## What is being asked
For the data below, give again exactly the lines from the one containing "i j. i \<in>" through the one containing "pairwise_tri_connected \<epsilon> u F \<and>", both ends included, and no others.
§ §
(* Let $\varepsilon>0$, $\Omega\subset\mathbb{R}^2$ bounded open, $u\in\mathcal{SF}_\varepsilon(\Omega)$, $R\in\mathcal{R}_\varepsilon(u)$, and let $S_R(u)\subseteq\mathbb{S}^2$ be an admissible interpolation surface for $u$ in $R$. Then $S_R(u)$ is either a semi great-circle, or an arc of geodesic, or a geodesic triangle, or the union of two adjacent geodesic triangles, or a hemisphere.
   Context: $\mathcal{L}=\{ae_1+b\hat e_2:a,b\in\mathbb{Z}\}$ with $e_1=(1,0)$, $\hat e_2=\frac12(1,\sqrt3)$, $\mathcal{L}_\varepsilon=\varepsilon\mathcal{L}$, $\mathcal{L}_\varepsilon(R)=\mathcal{L}_\varepsilon\cap R$; $\mathcal{T}_\varepsilon$ is the set of closed triangles with vertices in $\mathcal{L}_\varepsilon$ pairwise at distance $\varepsilon$; $\mathcal{E}_\varepsilon$ the set of segments $[i,j]$, $i,j\in\mathcal{L}_\varepsilon$, $|i-j|=\varepsilon$. $n=(0,0,1)$; $\mathcal{SF}_\varepsilon(\Omega)$ is the set of $u:\mathcal{L}_\varepsilon\to\mathbb{S}^2$ with $u=n$ on $\mathcal{L}_\varepsilon\setminus\Omega$. $\mathcal{N}_\varepsilon(u)=\{[i,j]\in\mathcal{E}_\varepsilon:u(i)=-u(j)\}$. Two triangles of $\mathcal{T}_\varepsilon$ are neighbours if their intersection is an edge in $\mathcal{N}_\varepsilon(u)$, connected if joined by a finite chain of neighbours; $\mathcal{R}_\varepsilon(u)$ is the set of unions of pairwise connected triangles maximal under inclusion. $\mathrm{cone}_R(u)=\{\sum_{w\in u(\mathcal{L}_\varepsilon(R))}\lambda_ww:\lambda_w\ge0\}$. $S_R(u)$ is an admissible interpolation surface for $u$ in $R$ if: when $\mathrm{cone}_R(u)$ is not a linear subspace of $\mathbb{R}^3$, $S_R(u)=\{v/|v|: v=\sum_w\lambda_ww,\ \lambda_w\ge0,\ \sum_w\lambda_w>0\}$; when it is a linear subspace, $S_R(u)=\{v/|v|:v=\sum_w\lambda_ww+\tau h,\ \lambda_w,\tau\ge0,\ \sum_w\lambda_w+\tau>0\}$ for some $h\in\mathbb{S}^2$ orthogonal to $\mathrm{cone}_R(u)$ (sums over $w\in u(\mathcal{L}_\varepsilon(R))$). A geodesic triangle with linearly independent vertices $p_1,p_2,p_3\in\mathbb{S}^2$ is $\{\sum\lambda_ip_i/|\sum\lambda_ip_i|:\lambda_i>0\}$; a hemisphere is a set $\{q\in\mathbb{S}^2:q\cdot h>0\}$ (possibly with its boundary great circle). *)

theory Defs
  imports "HOL-Analysis.Analysis"
begin

definition e1 :: "real^2" where "e1 = vector [1, 0]"
definition e2h :: "real^2" where "e2h = vector [1/2, sqrt 3 / 2]"

definition lattice :: "real \<Rightarrow> (real^2) set" where
  "lattice \<epsilon> = {\<epsilon> *\<^sub>R (of_int a *\<^sub>R e1 + of_int b *\<^sub>R e2h) | a b :: int. True}"

definition lattice_in :: "real \<Rightarrow> (real^2) set \<Rightarrow> (real^2) set" where
  "lattice_in \<epsilon> R = lattice \<epsilon> \<inter> R"

definition triangles :: "real \<Rightarrow> (real^2) set set" where
  "triangles \<epsilon> = {convex hull {i, j, k} | i j k.
      i \<in> lattice \<epsilon> \<and> j \<in> lattice \<epsilon> \<and> k \<in> lattice \<epsilon> \<and>
      dist i j = \<epsilon> \<and> dist j k = \<epsilon> \<and> dist i k = \<epsilon>}"

definition edges :: "real \<Rightarrow> (real^2) set set" where
  "edges \<epsilon> = {closed_segment i j | i j. i \<in> lattice \<epsilon> \<and> j \<in> lattice \<epsilon> \<and> dist i j = \<epsilon>}"

definition north :: "real^3" where "north = vector [0, 0, 1]"

text \<open>Spin fields: only the values on the lattice matter.\<close>
definition SF :: "real \<Rightarrow> (real^2) set \<Rightarrow> ((real^2) \<Rightarrow> real^3) set" where
  "SF \<epsilon> \<Omega> = {u. (\<forall>i\<in>lattice \<epsilon>. u i \<in> sphere 0 1) \<and> (\<forall>i\<in>lattice \<epsilon> - \<Omega>. u i = north)}"

definition Nedges :: "real \<Rightarrow> ((real^2) \<Rightarrow> real^3) \<Rightarrow> (real^2) set set" where
  "Nedges \<epsilon> u = {closed_segment i j | i j.
      i \<in> lattice \<epsilon> \<and> j \<in> lattice \<epsilon> \<and> dist i j = \<epsilon> \<and> u i = - u j}"

definition neighbours :: "real \<Rightarrow> ((real^2) \<Rightarrow> real^3) \<Rightarrow> (real^2) set \<Rightarrow> (real^2) set \<Rightarrow> bool" where
  "neighbours \<epsilon> u T T' \<longleftrightarrow> T \<in> triangles \<epsilon> \<and> T' \<in> triangles \<epsilon> \<and> T \<inter> T' \<in> Nedges \<epsilon> u"

definition tri_connected :: "real \<Rightarrow> ((real^2) \<Rightarrow> real^3) \<Rightarrow> (real^2) set \<Rightarrow> (real^2) set \<Rightarrow> bool" where
  "tri_connected \<epsilon> u T T' \<longleftrightarrow> T \<in> triangles \<epsilon> \<and> T' \<in> triangles \<epsilon> \<and> (neighbours \<epsilon> u)\<^sup>*\<^sup>* T T'"

definition pairwise_tri_connected :: "real \<Rightarrow> ((real^2) \<Rightarrow> real^3) \<Rightarrow> (real^2) set set \<Rightarrow> bool" where
  "pairwise_tri_connected \<epsilon> u F \<longleftrightarrow> F \<subseteq> triangles \<epsilon> \<and> (\<forall>T\<in>F. \<forall>T'\<in>F. tri_connected \<epsilon> u T T')"

definition regions :: "real \<Rightarrow> ((real^2) \<Rightarrow> real^3) \<Rightarrow> (real^2) set set" where
  "regions \<epsilon> u = {\<Union>F | F. F \<noteq> {} \<and> pairwise_tri_connected \<epsilon> u F \<and>
      (\<forall>F'. pairwise_tri_connected \<epsilon> u F' \<and> \<Union>F \<subseteq> \<Union>F' \<longrightarrow> \<Union>F' = \<Union>F)}"

definition coneR :: "real \<Rightarrow> ((real^2) \<Rightarrow> real^3) \<Rightarrow> (real^2) set \<Rightarrow> (real^3) set" where
  "coneR \<epsilon> u R = (let W = u ` lattice_in \<epsilon> R in
      {(\<Sum>w\<in>W. l w *\<^sub>R w) | l. \<forall>w\<in>W. l w \<ge> 0})"

definition admissible_surface ::
  "real \<Rightarrow> ((real^2) \<Rightarrow> real^3) \<Rightarrow> (real^2) set \<Rightarrow> (real^3) set \<Rightarrow> bool" where
  "admissible_surface \<epsilon> u R S \<longleftrightarrow>
    (let W = u ` lattice_in \<epsilon> R; C = coneR \<epsilon> u R in
     if \<not> subspace C then
       S = {inverse (norm v) *\<^sub>R v | v. v \<noteq> 0 \<and> (\<exists>l. (\<forall>w\<in>W. l w \<ge> 0) \<and>
              (\<Sum>w\<in>W. l w) > 0 \<and> v = (\<Sum>w\<in>W. l w *\<^sub>R w))}
     else
       (\<exists>h. norm h = 1 \<and> (\<forall>c\<in>C. h \<bullet> c = 0) \<and>
          S = {inverse (norm v) *\<^sub>R v | v. v \<noteq> 0 \<and> (\<exists>l \<tau>. (\<forall>w\<in>W. l w \<ge> 0) \<and> \<tau> \<ge> 0 \<and>
              (\<Sum>w\<in>W. l w) + \<tau> > 0 \<and> v = (\<Sum>w\<in>W. l w *\<^sub>R w) + \<tau> *\<^sub>R h)}))"

definition semi_great_circle :: "(real^3) set \<Rightarrow> bool" where
  "semi_great_circle S \<longleftrightarrow> (\<exists>p q. norm p = 1 \<and> norm q = 1 \<and> p \<bullet> q = 0 \<and>
      S = {cos t *\<^sub>R p + sin t *\<^sub>R q | t. 0 \<le> t \<and> t \<le> pi})"

text \<open>Closed geodesic arc between non-antipodal points (degenerate arc p = q allowed).\<close>
definition geodesic_arc :: "(real^3) set \<Rightarrow> bool" where
  "geodesic_arc S \<longleftrightarrow> (\<exists>p q. norm p = 1 \<and> norm q = 1 \<and> p \<noteq> - q \<and>
      S = {inverse (norm v) *\<^sub>R v | v. \<exists>t. 0 \<le> t \<and> t \<le> 1 \<and> v = (1 - t) *\<^sub>R p + t *\<^sub>R q})"
lemma mech_IC_utility_lipschitz:
  assumes "is_mechanism \<Gamma> q s" "mech_IC q s" "\<And>g. g \<in> \<Gamma> \<Longrightarrow> norm g \<le> G"
    and "x \<in> nonneg_orthant" "y \<in> nonneg_orthant"
  shows "\<bar>utility q s x - utility q s y\<bar> \<le> G * dist x y"
proof -
  have one_sided: "utility q s x - utility q s y \<le> G * dist x y"
    if "x \<in> nonneg_orthant" "y \<in> nonneg_orthant" for x y
  proof -
    have "q x \<bullet> y - s x \<le> utility q s y"
      using assms(2) that by (auto simp: mech_IC_def utility_def)
    moreover have "q x \<bullet> (x - y) \<le> G * norm (x - y)"
      using assms(1,3) that by (intro inner_le_norm_bound) (auto simp: is_mechanism_def)
    ultimately show ?thesis
      by (simp add: utility_def dist_norm inner_diff_right)
  qed
  show ?thesis
    using one_sided[of x y] one_sided[of y x] assms(4,5) by (simp add: abs_le_iff dist_commute)
qed

lemma admissible_mon_normalize:
  assumes "prob_space M" "\<Gamma> \<subseteq> nonneg_orthant" "admissible_mon \<Gamma> M X q s"
  shows "admissible_mon \<Gamma> M X q (\<lambda>x. s x - s 0)"
    and "revenue M X s \<le> revenue M X (\<lambda>x. s x - s 0)"
proof -
  interpret prob_space M
    by fact
  have IC: "mech_IC q s" and IR: "mech_IR q s" and "q 0 \<in> \<Gamma>"
    and integrable: "integrable M (\<lambda>\<omega>. s (X \<omega>))"
    using assms(3) zero_in_nonneg_orthant
    by (auto simp: admissible_mon_def is_mechanism_def)
  have "0 \<le> q x \<bullet> x - (s x - s 0)" if "x \<in> nonneg_orthant" for x
  proof -
    have "q 0 \<bullet> x - s 0 \<le> q x \<bullet> x - s x"
      using IC that zero_in_nonneg_orthant by (auto simp: mech_IC_def)
    moreover have "0 \<le> q 0 \<bullet> x"
      using \<open>q 0 \<in> \<Gamma>\<close> assms(2) that by (intro inner_nonneg_orthant) auto
    ultimately show ?thesis
      by simp
  qed
  then show "admissible_mon \<Gamma> M X q (\<lambda>x. s x - s 0)"
    using assms(3) integrable by (auto simp: admissible_mon_def is_mechanism_def mech_IC_def mech_IR_def
        mech_monotonic_def)
  have "s 0 \<le> 0"
    using IR zero_in_nonneg_orthant by (auto simp: mech_IR_def)
  moreover have "revenue M X (\<lambda>x. s x - s 0) = revenue M X s - s 0"
    using integrable by (simp add: revenue_def prob_space)
  ultimately show "revenue M X s \<le> revenue M X (\<lambda>x. s x - s 0)"
    by simp
qed

lemma bdd_above_revenues:
  assumes "\<And>g. g \<in> \<Gamma> \<Longrightarrow> norm g \<le> G" "\<forall>\<omega>\<in>space M. X \<omega> \<in> nonneg_orthant"
    and "integrable M (\<lambda>\<omega>. norm (X \<omega>))"
  shows "bdd_above {revenue M X s |q s. admissible_mon \<Gamma> M X q s}"
proof (rule bdd_aboveI)
  fix r
  assume "r \<in> {revenue M X s |q s. admissible_mon \<Gamma> M X q s}"
  then obtain q s where "admissible_mon \<Gamma> M X q s" "r = revenue M X s"
    by blast
  moreover from this(1) have "revenue M X s \<le> integral\<^sup>L M (\<lambda>\<omega>. G * norm (X \<omega>))"
    unfolding revenue_def using assms mech_IR_payment_le[of \<Gamma> q s G]
    by (intro integral_mono) (auto simp: admissible_mon_def)
  ultimately show "r \<le> integral\<^sup>L M (\<lambda>\<omega>. G * norm (X \<omega>))"
    by simp
qed

lemma revenue_le_MonRev:
  assumes "\<And>g. g \<in> \<Gamma> \<Longrightarrow> norm g \<le> G" "\<forall>\<omega>\<in>space M. X \<omega> \<in> nonneg_orthant"
    and "integrable M (\<lambda>\<omega>. norm (X \<omega>))" "admissible_mon \<Gamma> M X q s"
  shows "revenue M X s \<le> MonRev \<Gamma> M X"
  unfolding MonRev_def using assms(4) by (intro cSup_upper bdd_above_revenues[OF assms(1-3)]) auto

lemma MonRev_maximizing_sequence:
  assumes "prob_space M" "\<Gamma> \<noteq> {}" "\<Gamma> \<subseteq> nonneg_orthant" "\<And>g. g \<in> \<Gamma> \<Longrightarrow> norm g \<le> G"
    and "\<forall>\<omega>\<in>space M. X \<omega> \<in> nonneg_orthant" "integrable M (\<lambda>\<omega>. norm (X \<omega>))"
  obtains q s where "\<And>n. admissible_mon \<Gamma> M X (q n) (s n)" "\<And>n. s n 0 = 0"
    "(\<lambda>n. revenue M X (s n)) \<longlonglongrightarrow> MonRev \<Gamma> M X"
proof -
  let ?R = "{revenue M X s |q s. admissible_mon \<Gamma> M X q s}"
  obtain g where "g \<in> \<Gamma>"
    using assms(2) by blast
  then have "admissible_mon \<Gamma> M X (\<lambda>_. g) (\<lambda>_. 0)"
    using assms(3) inner_nonneg_orthant
    by (auto simp: admissible_mon_def is_mechanism_def mech_IC_def mech_IR_def mech_monotonic_def)
  then have "?R \<noteq> {}"
    by blast
  have "\<exists>q s. admissible_mon \<Gamma> M X q s \<and> s 0 = 0 \<and> MonRev \<Gamma> M X - 1 / Suc n < revenue M X s"
    for n :: nat
  proof -
    obtain q s where "admissible_mon \<Gamma> M X q s" "MonRev \<Gamma> M X - 1 / Suc n < revenue M X s"
      using less_cSup_iff[OF \<open>?R \<noteq> {}\<close> bdd_above_revenues[OF assms(4-6)], of "MonRev \<Gamma> M X - 1 / Suc n"]
      by (auto simp: MonRev_def)
    then show ?thesis
      using admissible_mon_normalize[OF assms(1,3)] by fastforce
  qed
  then obtain q s where adm: "\<And>n. admissible_mon \<Gamma> M X (q n) (s n)" and "\<And>n. s n 0 = 0"
    and close: "\<And>n. MonRev \<Gamma> M X - 1 / Suc n < revenue M X (s n)"
    by metis
  have "(\<lambda>n. revenue M X (s n)) \<longlonglongrightarrow> MonRev \<Gamma> M X"
  proof (rule tendsto_sandwich)
    show "\<forall>\<^sub>F n in sequentially. MonRev \<Gamma> M X - 1 / Suc n \<le> revenue M X (s n)"
      using close by (simp add: less_imp_le)
    show "\<forall>\<^sub>F n in sequentially. revenue M X (s n) \<le> MonRev \<Gamma> M X"
      using revenue_le_MonRev[OF assms(4-6) adm] by simp
    show "(\<lambda>n. MonRev \<Gamma> M X - 1 / Suc n) \<longlonglongrightarrow> MonRev \<Gamma> M X"
      using tendsto_diff[OF tendsto_const LIMSEQ_Suc[OF lim_inverse_n']] by (simp add: inverse_eq_divide)
  qed simp
  with adm \<open>\<And>n. s n 0 = 0\<close> show thesis
    by (rule that)
qed

locale mechanism_sequence =
  fixes \<Gamma> :: "(real^'k) set" and G :: real
    and q :: "nat \<Rightarrow> real^'k \<Rightarrow> real^'k" and s :: "nat \<Rightarrow> real^'k \<Rightarrow> real"
  assumes compact_allocations: "compact \<Gamma>"
    and allocation_norm_le: "\<And>g. g \<in> \<Gamma> \<Longrightarrow> norm g \<le> G"
    and mechanism: "\<And>n. is_mechanism \<Gamma> (q n) (s n)"
    and IC: "\<And>n. mech_IC (q n) (s n)"
    and IR: "\<And>n. mech_IR (q n) (s n)"
    and monotonic: "\<And>n. mech_monotonic (s n)"
    and payment_zero: "\<And>n. s n 0 = 0"
begin

lemma subsequence: "mechanism_sequence \<Gamma> G (\<lambda>k. q (r k)) (\<lambda>k. s (r k))"
  using compact_allocations allocation_norm_le mechanism IC IR monotonic payment_zero
  by unfold_locales

lemma allocation_mem:
  assumes "x \<in> nonneg_orthant"
  shows "q n x \<in> \<Gamma>"
  using mechanism assms by (auto simp: is_mechanism_def)

lemma payment_nonneg:
  assumes "x \<in> nonneg_orthant"
  shows "0 \<le> s n x"
proof -
  have "s n 0 \<le> s n x"
    using monotonic[of n] assms zero_in_nonneg_orthant
    unfolding mech_monotonic_def by (auto simp: nonneg_orthant_def)
  then show ?thesis
    using payment_zero by simp
qed

lemma payment_le:
  assumes "x \<in> nonneg_orthant"
  shows "s n x \<le> G * norm x"
  using mech_IR_payment_le[OF mechanism IR allocation_norm_le assms] .

lemma utility_nonneg:
  assumes "x \<in> nonneg_orthant"
  shows "0 \<le> utility (q n) (s n) x"
  using IR[of n] assms by (auto simp: mech_IR_def utility_def)

lemma utility_le:
  assumes "x \<in> nonneg_orthant"
  shows "utility (q n) (s n) x \<le> G * norm x"
  using inner_le_norm_bound[OF allocation_norm_le[OF allocation_mem[OF assms, of n]], of x]
    payment_nonneg[OF assms, of n] unfolding utility_def by linarith

lemma convergent_utility_subseq:
  obtains d where "strict_mono d"
    "\<And>x. x \<in> nonneg_orthant \<Longrightarrow> convergent (\<lambda>k. utility (q (d k)) (s (d k)) x)"
proof -
  have lipschitz: "\<bar>utility (q n) (s n) x - utility (q n) (s n) y\<bar> \<le> G * dist x y"
    if "x \<in> nonneg_orthant" "y \<in> nonneg_orthant" for n x y
    using mech_IC_utility_lipschitz[OF mechanism IC allocation_norm_le that] .
  have bounded: "\<bar>utility (q n) (s n) x\<bar> \<le> G * norm x" if "x \<in> nonneg_orthant" for n x
    using utility_nonneg[OF that] utility_le[OF that] by simp
  show thesis
    using equilipschitz_pointwise_convergent_subseq[where S=nonneg_orthant
        and u="\<lambda>n. utility (q n) (s n)" and L=G and B="\<lambda>x. G * norm x"] lipschitz bounded that
    by blast
qed

lemma monotonic_pointwise_limsup: "mech_monotonic (pointwise_limsup s)"
  unfolding mech_monotonic_def
proof (intro ballI impI)
  fix x y :: "real^'k"
  assume "x \<in> nonneg_orthant" "y \<in> nonneg_orthant" "\<forall>i. x $ i \<le> y $ i"
  then show "pointwise_limsup s x \<le> pointwise_limsup s y"
    using monotonic payment_le by (intro pointwise_limsup_mono) (auto simp: mech_monotonic_def)
qed

text \<open>The allocation of the limit mechanism at \<open>x\<close>: a limit point of \<open>q n x\<close> along a
  subsequence on which \<open>s n x\<close> realises its limit superior.\<close>
lemma limit_allocation:
  assumes utility_lim: "\<And>y. y \<in> nonneg_orthant \<Longrightarrow> (\<lambda>n. utility (q n) (s n) y) \<longlonglongrightarrow> U y"
    and "x \<in> nonneg_orthant"
  obtains g where "g \<in> \<Gamma>" "g \<bullet> x - pointwise_limsup s x = U x"
    "\<And>y. y \<in> nonneg_orthant \<Longrightarrow> g \<bullet> y - pointwise_limsup s x \<le> U y"
proof -
  obtain r where "strict_mono r" and payment_lim: "(\<lambda>k. s (r k) x) \<longlonglongrightarrow> pointwise_limsup s x"
    using pointwise_limsup_subseq_tendsto payment_nonneg payment_le \<open>x \<in> nonneg_orthant\<close> by metis
  obtain g r' where "g \<in> \<Gamma>" "strict_mono r'" and "((\<lambda>k. q (r k) x) \<circ> r') \<longlonglongrightarrow> g"
    using compact_imp_seq_compact[OF compact_allocations] allocation_mem[OF \<open>x \<in> nonneg_orthant\<close>]
    by (metis seq_compactE)
  define t where "t = r \<circ> r'"
  have "strict_mono t"
    using \<open>strict_mono r\<close> \<open>strict_mono r'\<close> by (simp add: t_def strict_mono_o)
  have allocation_lim: "(\<lambda>k. q (t k) x) \<longlonglongrightarrow> g"
    using \<open>((\<lambda>k. q (r k) x) \<circ> r') \<longlonglongrightarrow> g\<close> by (simp add: t_def o_def)
  have "(\<lambda>k. s (t k) x) \<longlonglongrightarrow> pointwise_limsup s x"
    using LIMSEQ_subseq_LIMSEQ[OF payment_lim \<open>strict_mono r'\<close>] by (simp add: t_def o_def)
  then have deviation_lim: "(\<lambda>k. q (t k) x \<bullet> y - s (t k) x) \<longlonglongrightarrow> g \<bullet> y - pointwise_limsup s x" for y
    by (intro tendsto_intros allocation_lim)
  have utility_sub_lim: "(\<lambda>k. utility (q (t k)) (s (t k)) y) \<longlonglongrightarrow> U y" if "y \<in> nonneg_orthant" for y
    using LIMSEQ_subseq_LIMSEQ[OF utility_lim[OF that] \<open>strict_mono t\<close>] by (simp add: o_def)
  show thesis
  proof
    show "g \<in> \<Gamma>"
      by fact
    show "g \<bullet> x - pointwise_limsup s x = U x"
      using deviation_lim[of x] utility_sub_lim[OF \<open>x \<in> nonneg_orthant\<close>]
      by (simp add: utility_def LIMSEQ_unique)
    show "g \<bullet> y - pointwise_limsup s x \<le> U y" if "y \<in> nonneg_orthant" for y
      using deviation_lim[of y] utility_sub_lim[OF that] IC \<open>x \<in> nonneg_orthant\<close> that
      by (intro LIMSEQ_le) (auto simp: mech_IC_def utility_def)
  qed
qed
§ §
## Exercise output
  "edges \<epsilon> = {closed_segment i j | i j. i \<in> lattice \<epsilon> \<and> j \<in> lattice \<epsilon> \<and> dist i j = \<epsilon>}"

definition north :: "real^3" where "north = vector [0, 0, 1]"

text \<open>Spin fields: only the values on the lattice matter.\<close>
definition SF :: "real \<Rightarrow> (real^2) set \<Rightarrow> ((real^2) \<Rightarrow> real^3) set" where
  "SF \<epsilon> \<Omega> = {u. (\<forall>i\<in>lattice \<epsilon>. u i \<in> sphere 0 1) \<and> (\<forall>i\<in>lattice \<epsilon> - \<Omega>. u i = north)}"

definition Nedges :: "real \<Rightarrow> ((real^2) \<Rightarrow> real^3) \<Rightarrow> (real^2) set set" where
  "Nedges \<epsilon> u = {closed_segment i j | i j.
      i \<in> lattice \<epsilon> \<and> j \<in> lattice \<epsilon> \<and> dist i j = \<epsilon> \<and> u i = - u j}"

definition neighbours :: "real \<Rightarrow> ((real^2) \<Rightarrow> real^3) \<Rightarrow> (real^2) set \<Rightarrow> (real^2) set \<Rightarrow> bool" where
  "neighbours \<epsilon> u T T' \<longleftrightarrow> T \<in> triangles \<epsilon> \<and> T' \<in> triangles \<epsilon> \<and> T \<inter> T' \<in> Nedges \<epsilon> u"

definition tri_connected :: "real \<Rightarrow> ((real^2) \<Rightarrow> real^3) \<Rightarrow> (real^2) set \<Rightarrow> (real^2) set \<Rightarrow> bool" where
  "tri_connected \<epsilon> u T T' \<longleftrightarrow> T \<in> triangles \<epsilon> \<and> T' \<in> triangles \<epsilon> \<and> (neighbours \<epsilon> u)\<^sup>*\<^sup>* T T'"

definition pairwise_tri_connected :: "real \<Rightarrow> ((real^2) \<Rightarrow> real^3) \<Rightarrow> (real^2) set set \<Rightarrow> bool" where
  "pairwise_tri_connected \<epsilon> u F \<longleftrightarrow> F \<subseteq> triangles \<epsilon> \<and> (\<forall>T\<in>F. \<forall>T'\<in>F. tri_connected \<epsilon> u T T')"

definition regions :: "real \<Rightarrow> ((real^2) \<Rightarrow> real^3) \<Rightarrow> (real^2) set set" where
  "regions \<epsilon> u = {\<Union>F | F. F \<noteq> {} \<and> pairwise_tri_connected \<epsilon> u F \<and>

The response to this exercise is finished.